lemma transpose_if_fixes_all_but:
  assumes "inj g" "\<And>x. x \<noteq> y \<Longrightarrow> g x \<noteq> y \<Longrightarrow> g x = x"
  shows "\<exists>z. g = transpose y z"
proof (cases "g y = y")
  case True
  then have "g x = x" for x using assms by (metis injD)
  then show ?thesis by (intro exI[of _ y]) auto
next
  case False
  define z where "z = g y"
  have "g z = y" using assms False unfolding z_def by (metis injD)
  moreover have "g x = x" if "x \<noteq> y" "x \<noteq> z" for x
    using assms that \<open>g z = y\<close> by (metis injD)
  ultimately have "g x = transpose y z x" for x
    using z_def by (cases "x = y \<or> x = z") auto
  then show ?thesis by blast
qed

lemma inj_on_star_Diff_if_is_base_Alt:
  assumes base: "is_base (Alt N) \<Omega> B"
  shows "\<exists>y. inj_on (star B) ({1..N} - {y})"
proof (cases "inj_on (star B) {1..N}")
  case True
  then show ?thesis by (meson Diff_subset inj_on_subset)
next
  case False
  then obtain x y where xy: "x \<in> {1..N}" "y \<in> {1..N}" "x \<noteq> y" "star B x = star B y"
    by (auto simp: inj_on_def)
  \<comment> \<open>A second collision u, v would make the even permutation (x y)(u v) fix every member of B.\<close>
  have "inj_on (star B) ({1..N} - {y})"
  proof (rule inj_onI, rule ccontr)
    fix u v assume uv: "u \<in> {1..N} - {y}" "v \<in> {1..N} - {y}" "star B u = star B v" "u \<noteq> v"
    obtain w w' where ww: "w \<in> {u, v}" "w' \<in> {u, v}" "w \<noteq> w'" "w \<noteq> x"
      using uv(4) by (cases "u = x") auto
    then have w: "w \<in> {1..N} - {y}" "w' \<in> {1..N} - {y}" "star B w = star B w'"
      using uv by auto
    define g where "g = transpose x y \<circ> transpose w w'"
    have "g permutes {1..N}"
      unfolding g_def using xy w by (intro permutes_compose permutes_swap_id) auto
    moreover have "evenperm g"
      unfolding g_def using xy(3) ww(3)
      by (simp add: evenperm_comp permutation_swap_id evenperm_swap)
    moreover have "\<forall>A\<in>B. g ` A = A"
      using transpose_image_eq_if_star_eq[OF xy(4)] transpose_image_eq_if_star_eq[OF w(3)]
      by (metis g_def image_comp)
    ultimately have "g = id" using base by (simp add: is_base_def Alt_def)
    moreover have "g w \<noteq> w"
      using ww w by (cases "w' = x") (auto simp: g_def)
    ultimately show False by simp
  qed
  then show ?thesis ..
qed

lemma is_base_Alt_iff:
  "is_base (Alt N) \<Omega> B \<longleftrightarrow> B \<subseteq> \<Omega> \<and> (\<exists>y. inj_on (star B) ({1..N} - {y}))"
proof (intro iffI conjI)
  assume base: "is_base (Alt N) \<Omega> B"
  then show "B \<subseteq> \<Omega>" by (simp add: is_base_def)
  show "\<exists>y. inj_on (star B) ({1..N} - {y})" using inj_on_star_Diff_if_is_base_Alt[OF base] .
next
  assume "B \<subseteq> \<Omega> \<and> (\<exists>y. inj_on (star B) ({1..N} - {y}))"
  then obtain y where sep: "B \<subseteq> \<Omega>" "inj_on (star B) ({1..N} - {y})" by blast
  have "g = id" if g: "g permutes {1..N}" "evenperm g" "\<forall>A\<in>B. g ` A = A" for g
  proof -
    have "g x = x" if "x \<noteq> y" "g x \<noteq> y" for x
    proof (cases "x \<in> {1..N}")
      case True
      then have "g x \<in> {1..N}" using permutes_in_image[OF g(1)] by blast
      moreover have "star B (g x) = star B x" using star_apply_eq[OF permutes_inj[OF g(1)] g(3)] .
      ultimately show ?thesis using sep(2) True that by (auto dest: inj_onD)
    qed (simp add: permutes_not_in[OF g(1)])
    then obtain z where "g = transpose y z"
      using transpose_if_fixes_all_but[OF permutes_inj[OF g(1)]] by blast
    with g(2) show "g = id" by (simp add: evenperm_swap)
  qed
  then show "is_base (Alt N) \<Omega> B" using sep(1) by (simp add: is_base_def Alt_def)
qed
text \<open>The divisor is an element of least degree of the ideal \<open>(G, H)\<close> of \<open>F[x]\<close>.\<close>
lemma poly_over_common_divisor:
  assumes F: "is_subfield F" and G: "poly_over F G" "G \<noteq> 0" and H: "poly_over F H"
  obtains p u v where "poly_over F p" "p \<noteq> 0" "p dvd G" "p dvd H" "p = u * G + v * H"
proof -
  define I where "I = {u * G + v * H | u v. poly_over F u \<and> poly_over F v}"
  have GI: "G \<in> I" unfolding I_def using F by (intro CollectI exI[of _ 1] exI[of _ 0]) (auto simp: poly_over_0 poly_over_1)
  have HI: "H \<in> I" unfolding I_def using F by (intro CollectI exI[of _ 0] exI[of _ 1]) (auto simp: poly_over_0 poly_over_1)
  obtain p where p: "p \<in> I" "p \<noteq> 0"
    and p_least: "\<And>q. q \<in> I \<Longrightarrow> q \<noteq> 0 \<Longrightarrow> degree p \<le> degree q"
    using ex_has_least_nat[of "\<lambda>q. q \<in> I \<and> q \<noteq> 0" G degree] GI G(2) by blast
  obtain u v where uv: "poly_over F u" "poly_over F v" "p = u * G + v * H" using p(1) unfolding I_def by blast
  have pF: "poly_over F p" using uv F G H by (simp add: poly_over_add poly_over_mult)
  have "p dvd X" if "X \<in> I" for X
  proof -
    obtain u' v' where X: "poly_over F u'" "poly_over F v'" "X = u' * G + v' * H" using \<open>X \<in> I\<close> unfolding I_def by blast
    then have "poly_over F X" using F G H by (simp add: poly_over_add poly_over_mult)
    then obtain q r where qr: "poly_over F q" "poly_over F r" "X = q * p + r" "r = 0 \<or> degree r < degree p"
      using poly_over_div_mod[OF F pF p(2)] by blast
    have "r = (u' - q * u) * G + (v' - q * v) * H" using qr(3) X(3) uv(3) by (simp add: algebra_simps)
    then have "r \<in> I" unfolding I_def using F X uv qr by (blast intro: poly_over_diff poly_over_mult)
    then have "r = 0" using qr(4) p_least by force
    then show ?thesis using qr(3) by simp
  qed
  then show thesis using that pF p(2) GI HI uv(3) by blast
qed
(* In the algorithm PELEG described in the context, after each phase $m\ge 1$, \[ \max_{x,x'\in\mathcal X_m,\,x\ne x'}\|x-x'\|^2_{(V^m_{N_m})^{-1}}\le\frac{\left((1/2)^{m+1}\right)^2}{8\log(K^2/\delta_m)}. \]
   Context: Arms are a finite set $\mathcal{X}=\{x_1,\dots,x_K\}\subset\mathbb{R}^d$ with $\|x_k\|_2\le1$; rewards of arm $x$ are $\theta^{*T}x$ plus conditionally $1$-subgaussian noise, $\theta^*\in\mathbb R^d$ unknown. $\|x\|_A=\sqrt{x^TAx}$; $C=\lambda_{\min}(\sum_{k=1}^Kx_kx_k^T)$; $\mathcal P_K$ is the probability simplex on $[K]$; $B(0,D)$ the closed Euclidean ball of radius $D$; $\log$ is natural log. Algorithm PELEG (input $\mathcal X,\delta$). Set $m=1$, $\mathcal X_1=\mathcal X$. While $|\mathcal X_m|>1$ (phase $m$): 1. $\delta_m=\delta/m^2$, $r_m=\sqrt{8\log(K^2/\delta_m)}$, $D_m=2(\sqrt2-1)\sqrt{C/(\max_{x,x'\in\mathcal X_m,x\ne x'}\|x-x'\|_2^2\log K)}$, $\epsilon_m=\min\{1, D_m\sqrt C/r_m\}\,(1/2)^{m+1}$. 2. For $x\in\mathcal X_m$, $\mathcal C_m(x)=\{\lambda\in\mathbb R^d:\exists x'\in\mathcal X_m, x'\ne x,\ \lambda^Tx'\ge\lambda^Tx+\epsilon_m\}$; let $\Lambda_m=\bigcup_{x\in\mathcal X_m}\mathcal C_m(x)\cap B(0,D_m)$. 3. Burn-in: play each arm of $\mathcal X$ once; set $n^k_K=1$ for all $k$, $V^m_K=\sum_{k=1}^Kx_kx_k^T$, $t=K$. Initialize afresh an exponential-weights (Hedge) learner over the $K$ experts $\hat e_1,\dots,\hat e_K$. 4. While $\min_{\lambda\in\Lambda_m}\|\lambda\|^2_{V^m_t}\le r_m^2$: set $t\leftarrow t+1$; get $w_t\in\mathcal P_K$ from the Hedge learner and form $W_t=\sum_kw_t^kx_kx_k^T$; let $\lambda_t\in\mathrm{argmin}_{\lambda\in\Lambda_m}\|\lambda\|^2_{W_t}$; set $U_t^k=(\lambda_t^Tx_k)^2$ and feed the Hedge learner the loss $l_t(w)=-w^TU_t$; play arm $k_t=\mathrm{argmin}_{k} n^k_{t-1}/\sum_{s=1}^t w_s^k$, increment its count, observe the reward $Y_t$, and set $V^m_t=V^m_{t-1}+x_{k_t}x_{k_t}^T$. 5. Set $N_m=t$ (so the phase stops at the first $t\ge K$ with $\min_{\lambda\in\Lambda_m}\|\lambda\|^2_{V^m_t}> r_m^2$), compute $\hat\theta_m=(V^m_{N_m})^{-1}\sum_{s=1}^{N_m}Y_sx_{k_s}$, set $\mathcal X_{m+1}=\mathcal X_m\setminus\{x\in\mathcal X_m:\exists x'\in\mathcal X_m,\ \hat\theta_m^T(x'-x)>2^{-(m+2)}\}$, and $m\leftarrow m+1$. Return $\mathcal X_m$. *)

theory Defs
  imports "HOL-Analysis.Analysis"
begin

────────────────────────────────────────

• Task objective
Search the data above for lines holding "noteq" and copy each of them.

• Problem solution
  assumes "inj g" "\<And>x. x \<noteq> y \<Longrightarrow> g x \<noteq> y \<Longrightarrow> g x = x"
  moreover have "g x = x" if "x \<noteq> y" "x \<noteq> z" for x
  then obtain x y where xy: "x \<in> {1..N}" "y \<in> {1..N}" "x \<noteq> y" "star B x = star B y"
    fix u v assume uv: "u \<in> {1..N} - {y}" "v \<in> {1..N} - {y}" "star B u = star B v" "u \<noteq> v"
    obtain w w' where ww: "w \<in> {u, v}" "w' \<in> {u, v}" "w \<noteq> w'" "w \<noteq> x"
    moreover have "g w \<noteq> w"
    have "g x = x" if "x \<noteq> y" "g x \<noteq> y" for x
  assumes F: "is_subfield F" and G: "poly_over F G" "G \<noteq> 0" and H: "poly_over F H"
  obtains p u v where "poly_over F p" "p \<noteq> 0" "p dvd G" "p dvd H" "p = u * G + v * H"
  obtain p where p: "p \<in> I" "p \<noteq> 0"
    and p_least: "\<And>q. q \<in> I \<Longrightarrow> q \<noteq> 0 \<Longrightarrow> degree p \<le> degree q"
    using ex_has_least_nat[of "\<lambda>q. q \<in> I \<and> q \<noteq> 0" G degree] GI G(2) by blast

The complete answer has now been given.